NAKACK Attack ... Shun Me the Way
snacker Aug 6, 2010 6:48 PM(pardon the pun)
We are using:
product | version |
---|---|
jboss-cache core | 3.1.0.GA |
jboss-cache pojo | 3.0.0.GA |
jgroups | 2.6.10.GA |
jboss app server | 5.1.0.GA |
We are running 2 jboss app servers on different machines (same hardware & network config).
We have had many instances where "something happens" (network or whatever... we don't know) that causes jgroups to start erroring.
(Usually this is after the servers have been running for many hours... often a week/month or more.)
We get the initial error messages, then many "NAKACK ... discarded message from non-member...".
Eventually one or more of the caches stops responding and we have to restart both instances.
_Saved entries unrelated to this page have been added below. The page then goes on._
(* The shard intersection order $(S_n,\le)$ (for $n\ge 1$) admits a symmetric boolean decomposition $\{P_1,\dots,P_k\}$ with the additional property that each $P_i$ is either contained in or disjoint from the set $S_n(231)$ of $231$-avoiding permutations, and the parts $P_i$ contained in $S_n(231)$ form a symmetric boolean decomposition of the induced subposet $(S_n(231),\le)$ (which is isomorphic to the lattice $NC(n)$ of noncrossing partitions ordered by refinement).
   Context: For $w=w(1)\cdots w(n)\in S_n$ (one-line notation), a descent is an index $i$ with $w(i)>w(i+1)$, and $d(w)$ is the number of descents. The blocks of $w$ are the sets of letters of its maximal decreasing runs (maximal consecutive factors $w(a)>w(a+1)>\cdots>w(b)$); they partition $\{1,\dots,n\}$. Let $V=\{x\in\mathbb R^n:\sum_i x_i=0\}$. The cone $C(w)\subseteq V$ is the set of $x\in V$ such that: (i) $x_i=x_j$ whenever $i,j$ lie in the same block of $w$; (ii) whenever $i<k<j$ with $i,j$ in the same block and $k$ not in that block, $x_k\le x_i$ if $k$ appears to the left of $i$ in $w$, and $x_i\le x_k$ if $k$ appears to the right of $i$ in $w$. The shard intersection order on $S_n$ is defined by $u\le v$ iff $C(v)\subseteq C(u)$; it is a graded poset of rank $n-1$ with $\mathrm{rk}(w)=d(w)$. A permutation $w$ is $231$-avoiding if there are no $i<j<k$ with $w(k)<w(i)<w(j)$. Symmetric boolean decomposition: let $P$ be a graded poset of rank $N$ and $\mathrm B_m$ the boolean lattice of subsets of an $m$-element set. A partition $\{P_1,\dots,P_k\}$ of $P$ is a symmetric boolean decomposition if for each $i$ there is an integer $j$ with $0\le j\le N/2$ and a bijection $\rho_i:\mathrm B_{N-2j}\to P_i$ that sends cover relations of $\mathrm B_{N-2j}$ to cover relations of $P$ and sends elements of rank $r$ to elements of rank $j+r$ in $P$. *)

theory Defs
  imports "HOL-Combinatorics.Permutations" Complex_Main
begin

text \<open>Permutations of {1..n} in one-line notation: w i is the letter at position i.\<close>

definition Sn :: "nat \<Rightarrow> (nat \<Rightarrow> nat) set" where
  "Sn n = {w. w permutes {1..n}}"

definition descents :: "nat \<Rightarrow> (nat \<Rightarrow> nat) \<Rightarrow> nat set" where
  "descents n w = {i. 1 \<le> i \<and> i < n \<and> w (i + 1) < w i}"

definition des :: "nat \<Rightarrow> (nat \<Rightarrow> nat) \<Rightarrow> nat" where
  "des n w = card (descents n w)"

text \<open>Letters a and b lie in the same block (maximal decreasing run) of w:
  every position strictly between their positions (and starting at the smaller one) is a descent.\<close>
definition same_block :: "nat \<Rightarrow> (nat \<Rightarrow> nat) \<Rightarrow> nat \<Rightarrow> nat \<Rightarrow> bool" where
  "same_block n w a b \<longleftrightarrow> a \<in> {1..n} \<and> b \<in> {1..n} \<and>
     (\<forall>t. min (inv w a) (inv w b) \<le> t \<and> t < max (inv w a) (inv w b) \<longrightarrow> t \<in> descents n w)"

text \<open>The cone C(w) inside V = {x in R^n. sum x = 0}; vectors are functions on {1..n}, zero elsewhere.\<close>
definition cone :: "nat \<Rightarrow> (nat \<Rightarrow> nat) \<Rightarrow> (nat \<Rightarrow> real) set" where
  "cone n w = {x. (\<forall>i. i \<notin> {1..n} \<longrightarrow> x i = 0) \<and> (\<Sum>i\<in>{1..n}. x i) = 0 \<and>
     (\<forall>i j. same_block n w i j \<longrightarrow> x i = x j) \<and>
     (\<forall>i j k. i < k \<and> k < j \<and> same_block n w i j \<and> \<not> same_block n w i k \<and> k \<in> {1..n} \<longrightarrow>
        (inv w k < inv w i \<longrightarrow> x k \<le> x i) \<and> (inv w i < inv w k \<longrightarrow> x i \<le> x k))}"

definition shard_le :: "nat \<Rightarrow> (nat \<Rightarrow> nat) \<Rightarrow> (nat \<Rightarrow> nat) \<Rightarrow> bool" where
  "shard_le n u v \<longleftrightarrow> cone n v \<subseteq> cone n u"

definition avoids231 :: "nat \<Rightarrow> (nat \<Rightarrow> nat) \<Rightarrow> bool" where
  "avoids231 n w \<longleftrightarrow> \<not> (\<exists>i j k. 1 \<le> i \<and> i < j \<and> j < k \<and> k \<le> n \<and> w k < w i \<and> w i < w j)"

definition Sn231 :: "nat \<Rightarrow> (nat \<Rightarrow> nat) set" where
  "Sn231 n = {w \<in> Sn n. avoids231 n w}"

definition covers :: "'a set \<Rightarrow> ('a \<Rightarrow> 'a \<Rightarrow> bool) \<Rightarrow> 'a \<Rightarrow> 'a \<Rightarrow> bool" where
  "covers P le u v \<longleftrightarrow> u \<in> P \<and> v \<in> P \<and> le u v \<and> u \<noteq> v \<and>
     \<not> (\<exists>z\<in>P. le u z \<and> le z v \<and> z \<noteq> u \<and> z \<noteq> v)"

text \<open>Symmetric boolean decomposition of a graded poset (P, le) of rank N with rank function rk.
  The boolean lattice B_m is Pow {..<m}; its covers are S \<subseteq> T with |T| = |S| + 1.\<close>
definition sym_bool_decomp ::
  "'a set \<Rightarrow> ('a \<Rightarrow> 'a \<Rightarrow> bool) \<Rightarrow> ('a \<Rightarrow> nat) \<Rightarrow> nat \<Rightarrow> 'a set set \<Rightarrow> bool" where
  "sym_bool_decomp P le rk N Q \<longleftrightarrow>
     \<Union>Q = P \<and> {} \<notin> Q \<and> (\<forall>A\<in>Q. \<forall>B\<in>Q. A \<noteq> B \<longrightarrow> A \<inter> B = {}) \<and>
     (\<forall>A\<in>Q. \<exists>j (\<rho> :: nat set \<Rightarrow> 'a). 2 * j \<le> N \<and>
        bij_betw \<rho> (Pow {..<N - 2 * j}) A \<and>
        (\<forall>S T. S \<subseteq> T \<and> T \<subseteq> {..<N - 2 * j} \<and> card T = card S + 1 \<longrightarrow> covers P le (\<rho> S) (\<rho> T)) \<and>
        (\<forall>S. S \<subseteq> {..<N - 2 * j} \<longrightarrow> rk (\<rho> S) = j + card S))"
So this last time it looks like this is what happened:
server 111 | server 222 | comments |
---|---|---|
... jboss server starts up and joins cluster ... | ... jboss server starts up and joins cluster ... | |
... app server, caches and clustering work normally for hours/days/weeks/months... | ... app server, caches and clustering work normally for hours/days/weeks/months... | |
GSM : failed to collect ACKS from srv222@7820, srv222@7821 and srv111@7820 | server 222 failed to collect ACKS from... itself ??? | |
recreated cluster view using srv222@7820 & 7820 and srv111@7821 | srv111@7820 is not in the list. | |
new view received from srv222 and applied | still missing it's own member (srv111@7820) | |
now rejects messages from itself @7820 | also rejects messages from srv111@7820 | |
... continues hundreds of times for many hours ... | ... continues hundreds of times for many hours ... | over ~20 hours we get 700+ of these messages (per server). |
shutdown jboss instance | ||
recreated cluster view which includes only itself (srv222@7820 & 7821) | ||
restart jboss instance | ||
recreates cluster view using srv222@7820 & 7821 and srv111@7820 | ||
new view recieved from srv222 and applied | ||
recreates cluster view using srv222@7820 & 7821 and srv111@7820 & 7821 | ||
new view recieved from srv222 and applied | ||
shutdown jboss instance | ||
recreated cluster view which includes only itself (srv111@7820 & 7821) | ||
restart jboss instance | ||
recreates cluster view using srv111@7820 & 7821 and srv222@7820 | ||
new view recieved from srv111 and applied | ||
recreates cluster view using srv111@7820 & 7821 and srv222@7820 & 7821 | ||
new view recieved from srv111 and applied | ||
... app server, caches and clustering work normally for hours/days/weeks/months... | ... app server, caches and clustering work normally for hours/days/weeks/months... |
So some things are puzzling to me:
- why is server 111 discarding messages from itself
- why isn't a new view ever created which contains both servers which includes both ports from each server (unless one of the servers is restarted)?
If we added 'shun="true"' to the FC element in the config, would that force one or both of them to recreate the cluster and by doing so add both of the servers and ports to the cluster view?
Also, what is the difference between FC.shun and GMS.shun?
It looks like both could be set to "true" to try to get the cluster to repair itself:
http://docs.jboss.org/jbossclustering/cluster_guide/5.0/draft/en-US/pdf/Clustering_Guide.pdf
http://docs.jboss.org/jbossclustering/cluster_guide/5.1/pdf/Clustering_Guide.pdf
Is there a reason why we wouldn't want to set "shun=true" for either of these?
I have attached the log files for servers 111 and 222 and the configs we use for the cache which used ports 7820 & 7821.
-
server-222.log.zip 4.8 KB
-
server-111.log.zip 3.5 KB
-
examplecache-service.xml 1.9 KB